▸ Your task
In the records below, how many lines hold the string "symmetric"? Give only the number.

▸ Information supplied
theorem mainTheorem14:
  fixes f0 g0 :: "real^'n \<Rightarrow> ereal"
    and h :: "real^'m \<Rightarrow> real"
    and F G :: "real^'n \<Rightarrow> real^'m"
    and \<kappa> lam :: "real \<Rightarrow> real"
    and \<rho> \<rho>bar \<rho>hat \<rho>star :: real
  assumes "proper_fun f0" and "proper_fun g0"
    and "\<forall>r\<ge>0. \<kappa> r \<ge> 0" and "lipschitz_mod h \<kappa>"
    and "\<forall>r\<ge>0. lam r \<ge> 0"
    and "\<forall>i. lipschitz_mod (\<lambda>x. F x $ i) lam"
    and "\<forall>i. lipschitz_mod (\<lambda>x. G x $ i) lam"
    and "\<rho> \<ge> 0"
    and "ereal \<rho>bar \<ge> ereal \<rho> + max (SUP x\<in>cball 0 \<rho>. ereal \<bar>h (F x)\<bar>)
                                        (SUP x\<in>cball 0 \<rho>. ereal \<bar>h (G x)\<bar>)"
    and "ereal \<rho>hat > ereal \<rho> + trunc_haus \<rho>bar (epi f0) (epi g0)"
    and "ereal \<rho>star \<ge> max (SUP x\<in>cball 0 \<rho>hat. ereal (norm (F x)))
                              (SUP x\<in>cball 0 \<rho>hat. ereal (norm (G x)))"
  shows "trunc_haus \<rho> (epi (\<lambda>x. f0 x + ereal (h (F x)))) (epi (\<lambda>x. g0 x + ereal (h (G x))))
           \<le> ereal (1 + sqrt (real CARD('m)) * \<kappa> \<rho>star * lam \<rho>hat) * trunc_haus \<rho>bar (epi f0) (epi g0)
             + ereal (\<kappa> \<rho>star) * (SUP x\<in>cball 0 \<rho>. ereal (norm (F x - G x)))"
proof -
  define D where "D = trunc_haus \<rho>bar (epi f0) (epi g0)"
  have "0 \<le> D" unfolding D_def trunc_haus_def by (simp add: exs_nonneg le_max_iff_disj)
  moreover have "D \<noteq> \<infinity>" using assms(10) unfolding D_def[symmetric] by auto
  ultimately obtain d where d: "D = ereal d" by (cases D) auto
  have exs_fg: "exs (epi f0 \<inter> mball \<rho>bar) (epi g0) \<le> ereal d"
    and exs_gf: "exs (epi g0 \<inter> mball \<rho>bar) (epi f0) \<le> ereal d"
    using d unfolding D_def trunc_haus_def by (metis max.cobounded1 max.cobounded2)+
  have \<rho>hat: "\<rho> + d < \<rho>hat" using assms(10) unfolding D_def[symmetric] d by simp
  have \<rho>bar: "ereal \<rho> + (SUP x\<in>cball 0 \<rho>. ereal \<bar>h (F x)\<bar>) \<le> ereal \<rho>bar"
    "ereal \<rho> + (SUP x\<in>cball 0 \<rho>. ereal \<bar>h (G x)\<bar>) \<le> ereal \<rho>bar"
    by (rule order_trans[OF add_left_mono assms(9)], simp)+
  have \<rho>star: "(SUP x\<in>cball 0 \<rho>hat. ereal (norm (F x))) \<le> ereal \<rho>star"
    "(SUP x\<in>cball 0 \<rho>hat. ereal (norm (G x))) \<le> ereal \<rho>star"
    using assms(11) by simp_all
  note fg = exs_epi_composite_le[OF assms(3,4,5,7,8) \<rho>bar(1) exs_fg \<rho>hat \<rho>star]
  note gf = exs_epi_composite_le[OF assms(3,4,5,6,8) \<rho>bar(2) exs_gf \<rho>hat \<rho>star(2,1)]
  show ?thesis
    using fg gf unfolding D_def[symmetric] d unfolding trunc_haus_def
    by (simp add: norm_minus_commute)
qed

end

▸ Exercise solution
3